Nader Aldy, critic, described the series as a “challenge” to the conservative ideologies extolled by some preachers and so-called religious scholars during the one-year rule of the Muslim Brotherhood.

The story, which was written by Medhat al-Adl before the downfall of Islamist President Mohamed Morsy, focuses on the clash between art and extremism and how Islamists use religion as a tool to brainwash people to fulfil their own political ends.

This clash is presented between ultra-conservative preacher Youssef (Hani Salama) and an activist and violinist Nesma (Basma). The preacher gradually changes his perspective on music.

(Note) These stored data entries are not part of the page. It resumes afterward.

theorem mainTheorem5:
  fixes f :: "'a::euclidean_space \<times> 'b::euclidean_space \<Rightarrow> 'a"
    and \<Lambda> :: "real \<Rightarrow> 'b" and X :: "real \<Rightarrow> 'a"
  assumes "C1_map f"
    and "parameter_shift \<Lambda> lm lp"
    and "stable_path f \<Lambda> lm lp X Xm Xp"
    and "attracting_fixed_point f Yp lp"
    and "f (f (Xm, \<Lambda> 0), lp) \<in> basin f Yp lp"
  shows "\<exists>r1>0. \<forall>r>r1. \<forall>x :: int \<Rightarrow> 'a.
           (\<forall>n. x (n + 1) = f (x n, \<Lambda> (r * of_int n))) \<and> (x \<longlongrightarrow> Xm) at_bot
           \<longrightarrow> (x \<longlongrightarrow> Yp) at_top"
proof -
  have \<Lambda>: "(\<Lambda> \<longlongrightarrow> lm) at_bot" "(\<Lambda> \<longlongrightarrow> lp) at_top"
    using assms(2) by (auto simp: parameter_shift_def)
  have Xm: "attracting_fixed_point f Xm lm"
    using assms(3) by (simp add: stable_path_def attracting_fixed_point_def)
  from basin_perturbed_orbit_tendsto[OF assms(1,4) basin_preimage[OF assms(5)]]
  obtain \<eta> \<delta>p where "0 < \<eta>" "0 < \<delta>p" and forward: "\<forall>y \<mu> m.
      (\<forall>n\<ge>m. y (Suc n) = f (y n, \<mu> n)) \<and> norm (y m - f (Xm, \<Lambda> 0)) < \<eta> \<and>
      (\<forall>n\<ge>m. norm (\<mu> n - lp) < \<delta>p) \<and> \<mu> \<longlonglongrightarrow> lp \<longrightarrow> y \<longlonglongrightarrow> Yp"
    by blast
  have "isCont f (Xm, \<Lambda> 0)"
    using C1_map_continuous[OF assms(1)] continuous_on_eq_continuous_at by blast
  from isCont_Pair_eps_delta[OF this \<open>0 < \<eta>\<close>]
  obtain \<theta> where "0 < \<theta>"
    and first_step: "\<And>x. norm (x - Xm) < \<theta> \<Longrightarrow> norm (f (x, \<Lambda> 0) - f (Xm, \<Lambda> 0)) < \<eta>"
    by (metis diff_self norm_zero)
  from attracting_fixed_point_backward_orbit[OF assms(1) Xm \<open>0 < \<theta>\<close>]
  obtain \<delta>m where "0 < \<delta>m" and backward: "\<forall>x :: int \<Rightarrow> 'a. \<forall>\<mu>. (\<forall>n. x (n + 1) = f (x n, \<mu> n)) \<and>
      (x \<longlongrightarrow> Xm) at_bot \<and> (\<forall>n<0. norm (\<mu> n - lm) < \<delta>m) \<longrightarrow> norm (x 0 - Xm) < \<theta>"
    by blast
  obtain r1 where "0 < r1"
    and near: "\<And>r s. r1 < r \<Longrightarrow> s \<le> -1 \<Longrightarrow> norm (\<Lambda> (r * s) - lm) < \<delta>m"
      "\<And>r s. r1 < r \<Longrightarrow> 1 \<le> s \<Longrightarrow> norm (\<Lambda> (r * s) - lp) < \<delta>p"
      "\<And>r. r1 < r \<Longrightarrow> (\<lambda>k. \<Lambda> (r * real k)) \<longlonglongrightarrow> lp"
    using tendsto_at_bot_at_top_rescaled[OF \<Lambda>, of "min \<delta>m \<delta>p"] \<open>0 < \<delta>m\<close> \<open>0 < \<delta>p\<close>
    by (metis min_less_iff_conj)
  show ?thesis
  proof (intro exI[of _ r1] conjI allI impI)
    show "0 < r1" by fact
    fix r :: real and x :: "int \<Rightarrow> 'a"
    assume "r1 < r" and x: "(\<forall>n. x (n + 1) = f (x n, \<Lambda> (r * of_int n))) \<and> (x \<longlongrightarrow> Xm) at_bot"
    moreover have "\<forall>n<0. norm (\<Lambda> (r * of_int n) - lm) < \<delta>m"
      using near(1)[OF \<open>r1 < r\<close>] by simp
    ultimately have "norm (x 0 - Xm) < \<theta>"
      using backward[rule_format, of x "\<lambda>n. \<Lambda> (r * of_int n)"] by blast
    then have "norm (x (int 1) - f (Xm, \<Lambda> 0)) < \<eta>"
      using first_step x by (metis add_0 of_int_0 mult_zero_right of_nat_1)
    moreover have "x (int (Suc n)) = f (x (int n), \<Lambda> (r * real n))" for n
    proof -
      have "x (int n + 1) = f (x (int n), \<Lambda> (r * of_int (int n)))" using x by blast
      then show ?thesis by (simp add: add.commute)
    qed
    moreover have "norm (\<Lambda> (r * real n) - lp) < \<delta>p" if "1 \<le> n" for n
      using near(2)[OF \<open>r1 < r\<close>] that by simp
    ultimately have "(\<lambda>k. x (int k)) \<longlonglongrightarrow> Yp"
      using near(3)[OF \<open>r1 < r\<close>]
      by (intro forward[rule_format, where m = 1 and \<mu> = "\<lambda>k. \<Lambda> (r * real k)"]) blast
    then show "(x \<longlongrightarrow> Yp) at_top" by (rule filterlim_int_of_nat_at_topD)
  qed
qed

end
lemma pl_mul_mul_left_linear: "pl (mul x y) (mul w z) + pl (mul w y) (mul x z) = pl x w * pl y z"
proof -
  have "pl (mul (x + w) y) (mul (x + w) z) = nn (x + w) * pl y z" by (rule pl_mul_mul_left)
  then show ?thesis using pl_sym[of w x]
    by (simp add: mul_add_left pl_add_left pl_add_right pl_mul_mul_left nn_add algebra_simps)
qed

lemma pl_mul_mul_right_linear: "pl (mul y x) (mul z w) + pl (mul y w) (mul z x) = pl x w * pl y z"
proof -
  have "pl (mul y (x + w)) (mul z (x + w)) = nn (x + w) * pl y z" by (rule pl_mul_mul_right)
  then show ?thesis using pl_sym[of w x]
    by (simp add: mul_add_right pl_add_left pl_add_right pl_mul_mul_right nn_add algebra_simps)
qed

lemma tr_def': "tr x = pl x one" by (simp add: ctrace_def)
lemma cj_def': "cj x = sm (tr x) one - x" by (simp add: cconj_def)

lemma tr_one: "tr one = 2" by (simp add: tr_def' pl_self nn_one)
lemma tr_add: "tr (x + y) = tr x + tr y" by (simp add: tr_def' pl_add_left)
lemma tr_sm: "tr (sm a x) = a * tr x" by (simp add: tr_def' pl_sm_left)
lemma tr_zero[simp]: "tr 0 = 0" by (simp add: tr_def')
lemma tr_neg[simp]: "tr (- x) = - tr x" by (simp add: tr_def')
lemma tr_diff: "tr (x - y) = tr x - tr y" by (simp add: tr_def' pl_diff_left)

lemma mul_sm_one_left: "mul (sm a one) x = sm a x" by (simp add: mul_sm_left one_mul)
lemma mul_sm_one_right: "mul x (sm a one) = sm a x" by (simp add: mul_sm_right mul_one)

lemma pl_one_sm: "pl (sm a one) y = a * tr y" by (simp add: pl_sm_left tr_def' pl_sym[of one y])

lemma pl_mul_left_adjoint: "pl (mul x y) z = pl y (mul (cj x) z)"
proof -
  have "pl (mul x y) (mul one z) + pl (mul one y) (mul x z) = pl x one * pl y z" by (rule pl_mul_mul_left_linear)
  then have "pl (mul x y) z = tr x * pl y z - pl y (mul x z)"
    by (simp add: one_mul tr_def' algebra_simps)
  also have "\<dots> = pl y (mul (cj x) z)"
    by (simp add: cj_def' mul_diff_left mul_sm_one_left pl_diff_right pl_sm_right)
  finally show ?thesis .
qed

lemma pl_mul_right_adjoint: "pl (mul y x) z = pl y (mul z (cj x))"
proof -
  have "pl (mul y x) (mul z one) + pl (mul y one) (mul z x) = pl x one * pl y z" by (rule pl_mul_mul_right_linear)
  then have "pl (mul y x) z = tr x * pl y z - pl y (mul z x)"
    by (simp add: mul_one tr_def' algebra_simps)
  also have "\<dots> = pl y (mul z (cj x))"
    by (simp add: cj_def' mul_diff_right mul_sm_one_right pl_diff_right pl_sm_right)
  finally show ?thesis .
qed

lemma tr_cj: "tr (cj x) = tr x"
  by (simp add: cj_def' tr_diff tr_sm tr_one)

lemma cj_cj[simp]: "cj (cj x) = x"
  by (simp only: cj_def'[of "cj x"] tr_cj) (simp add: cj_def')

lemma cj_add: "cj (x + y) = cj x + cj y"
  by (simp add: cj_def' tr_add scale_left_distrib)
lemma cj_sm: "cj (sm a x) = sm a (cj x)"
  by (simp add: cj_def' tr_sm scale_right_diff_distrib)
lemma cj_zero[simp]: "cj 0 = 0" by (simp add: cj_def')
lemma cj_neg: "cj (- x) = - cj x" by (simp add: cj_def')
lemma cj_diff: "cj (x - y) = cj x - cj y"
  by (simp add: cj_def' tr_diff scale_left_diff_distrib)
lemma nn_cj: "nn (cj x) = nn x"
proof -
  have "nn (cj x) = nn (sm (tr x) one + (- x))" by (simp add: cj_def')
  also have "\<dots> = nn x"
    by (simp only: nn_add nn_sm nn_one nn_neg pl_neg_right pl_one_sm) (simp add: power2_eq_square)
  finally show ?thesis .
qed

lemma cj_mul_mul: "mul (cj x) (mul x y) = sm (nn x) y"
proof (rule pl_ext)
  fix z
  have "pl (mul (cj x) (mul x y)) z = pl (mul x y) (mul x z)"
    using pl_mul_left_adjoint[of "cj x" "mul x y" z] by simp
  then show "pl (mul (cj x) (mul x y)) z = pl (sm (nn x) y) z" by (simp add: pl_mul_mul_left pl_sm_left)
qed

lemma mul_mul_cj: "mul (mul y x) (cj x) = sm (nn x) y"
proof (rule pl_ext)
  fix z
  have "pl (mul (mul y x) (cj x)) z = pl (mul y x) (mul z x)"
    using pl_mul_right_adjoint[of "mul y x" "cj x" z] by simp
  then show "pl (mul (mul y x) (cj x)) z = pl (sm (nn x) y) z" by (simp add: pl_mul_mul_right pl_sm_left)
qed

lemma mul_cj_mul: "mul x (mul (cj x) y) = sm (nn x) y"
  using cj_mul_mul[of "cj x" y] by (simp add: nn_cj)

lemma mul_mul_cj': "mul (mul y (cj x)) x = sm (nn x) y"
  using mul_mul_cj[of y "cj x"] by (simp add: nn_cj)

lemma mul_cj_self: "mul x (cj x) = sm (nn x) one"
  using mul_cj_mul[of x one] by (simp add: mul_one)

lemma pl_cj_left: "pl (cj x) y = tr x * tr y - pl x y"
  by (simp add: cj_def' pl_diff_left pl_one_sm)

lemma pl_cj_right: "pl x (cj y) = tr x * tr y - pl x y"
  using pl_cj_left[of y x] by (simp add: pl_sym[of _ x] mult.commute)

lemma tr_mul: "tr (mul x y) = pl (cj x) y"
  using pl_mul_left_adjoint[of x y one] by (simp add: tr_def' mul_one pl_sym[of y "cj x"])

lemma tr_mul_comm: "tr (mul x y) = tr (mul y x)"
  by (simp add: tr_mul pl_cj_left pl_sym[of x y] mult.commute)

lemma mul_self_eq: "mul x x = sm (tr x) x - sm (nn x) one"
proof -
  have "mul x (cj x) = sm (nn x) one" by (rule mul_cj_self)
  then show ?thesis
    by (simp add: cj_def' mul_diff_right mul_sm_one_right algebra_simps)
qed

lemma mul_add_mul_swap: "mul x y + mul y x = sm (tr x) y + sm (tr y) x - sm (pl x y) one"
proof -
  have "mul (x + y) (x + y) = sm (tr (x + y)) (x + y) - sm (nn (x + y)) one" by (rule mul_self_eq)
  then have "mul x x + mul x y + mul y x + mul y y =
     sm (tr x) x + sm (tr x) y + sm (tr y) x + sm (tr y) y - sm (nn x) one - sm (nn y) one - sm (pl x y) one"
    by (simp add: mul_add_left mul_add_right tr_add nn_add scale_left_distrib scale_right_distrib algebra_simps)
  then show ?thesis by (simp add: mul_self_eq algebra_simps)
qed

lemma cj_mul: "cj (mul x y) = mul (cj y) (cj x)"
proof -
  have "mul (cj y) (cj x) = sm (tr x * tr y) one - sm (tr y) x - sm (tr x) y + mul y x"
    by (simp add: cj_def' mul_diff_left mul_diff_right mul_sm_one_left mul_sm_one_right
        mul_sm_left mul_sm_right one_mul mul_one algebra_simps mult.commute)
  also have "\<dots> = sm (tr x * tr y - pl x y) one - mul x y"
    using mul_add_mul_swap[of x y] by (simp add: scale_left_diff_distrib algebra_simps)
  also have "\<dots> = cj (mul x y)"
    by (simp add: cj_def'[of "mul x y"] tr_mul pl_cj_left)
  finally show ?thesis by simp
qed

lemma tr_assoc: "tr (mul (mul x y) z) = tr (mul x (mul y z))"
proof -
  have "tr (mul (mul x y) z) = pl (cj (mul x y)) z" by (rule tr_mul)
  also have "\<dots> = pl (mul y z) (cj x)"
    using pl_mul_left_adjoint[of y z "cj x"] by (simp add: cj_mul pl_sym[of z])
  also have "\<dots> = tr (mul x (mul y z))" by (simp add: tr_mul pl_sym)
  finally show ?thesis .
qed

lemma tr_cyc: "tr (mul x (mul y z)) = tr (mul y (mul z x))"
  by (metis tr_assoc tr_mul_comm)

lemma pl_eq_tr_mul_cj: "pl x y = tr (mul x (cj y))"
  by (simp add: tr_mul pl_cj_left pl_cj_right tr_cj algebra_simps)

lemma pl_cj_cj: "pl (cj x) (cj y) = pl x y"
  by (simp add: pl_cj_left pl_cj_right tr_cj)

lemma pl_cj_mul: "pl (cj (mul x y)) w = tr (mul y (mul w x))"
proof -
  have "pl (cj (mul x y)) w = pl (mul x y) (cj w)" using pl_cj_cj[of "mul x y" "cj w"] by simp
  also have "\<dots> = tr (mul (mul x y) w)" by (simp add: pl_eq_tr_mul_cj)
  also have "\<dots> = tr (mul y (mul w x))" using tr_assoc[of x y w] tr_cyc[of x y w] by simp
  finally show ?thesis .
qed

lemma pl_mul_cj_swap: "pl (mul d (cj c)) w = pl c d * tr w - pl (mul c (cj d)) w"
proof -
  have "mul d (cj c) = cj (mul c (cj d))" by (simp add: cj_mul)
  also have "\<dots> = sm (tr (mul c (cj d))) one - mul c (cj d)" by (simp add: cj_def')
  finally show ?thesis by (simp add: pl_diff_left pl_one_sm pl_eq_tr_mul_cj[symmetric])
qed

lemma pl_cj_mul_swap: "pl (mul (cj d) c) w = pl c d * tr w - pl (mul (cj c) d) w"
proof -
  have "mul (cj d) c = cj (mul (cj c) d)" by (simp add: cj_mul)
  also have "\<dots> = sm (tr (mul (cj c) d)) one - mul (cj c) d" by (simp add: cj_def')
  finally show ?thesis by (simp add: pl_diff_left pl_one_sm tr_mul)
qed

lemma pl_one_left: "pl one z = tr z" by (simp add: tr_def' pl_sym)

lemma tr_mul_cj_self: "tr (mul s (cj s)) = 2 * nn s"
  by (simp add: mul_cj_self tr_sm tr_one)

“The idea the series is based on is not new, but it has been cleverly implemented in a way that goes along with today’s socio-political rifts,” Adly said.

“Featuring a love story in which each side embodies a complete different political trend and linking it to the current incidents taking place in Egyptian society is what really arouses viewers' excitement to see what happens next…despite the slow rhythm of events.”

Another critically acclaimed Ramadan series is Ism Moaqat (Temporary Name) starring Youssef al-Sherif, who has been known for his action roles in the past couple of years in Ramadan series like Taraf Talet (A Third Party) and Rakam Maghool (Anonymous Number).

Adly believes that Ism Moaqat, directed by Ahmed Galal, is a slick production in its direction, script and pace.

“The director has given a lot of attention to minor details,” critic Adly said. “This makes every piece in the puzzle perfectly fit together.”

The series puts one eye on nifty action sequences between the hero and his enemies, and another eye on the 2012 presidential race and the issues surrounding it, including the dual nationality of prominent and controversial Salafi preacher and presidential candidate, Hazem Salah Abu Ismail.

Hanaa Naguib, another critic, echoed the sentiment saying that the series has a cohesive vision along with a defined dramatic structure that arouses viewers’ interest and gives credibility to events.

Zat (Self), based on a novel of the same name by renowned novelist and short story writer Sonallah Ibrahim, has meanwhile been a little overlooked.

The series, directed by Kamla Abu Zakry and written by Mariam Naoum, displays the history of modern Egypt since the 1952 coup until modern times through the heroine’s life – Zat, played by actress Nelly Karim.

This kind of historical drama, Adly believes, is worth watching because it presents a historical panorama of the most important events in Egyptian history, as well as their influence on an individual.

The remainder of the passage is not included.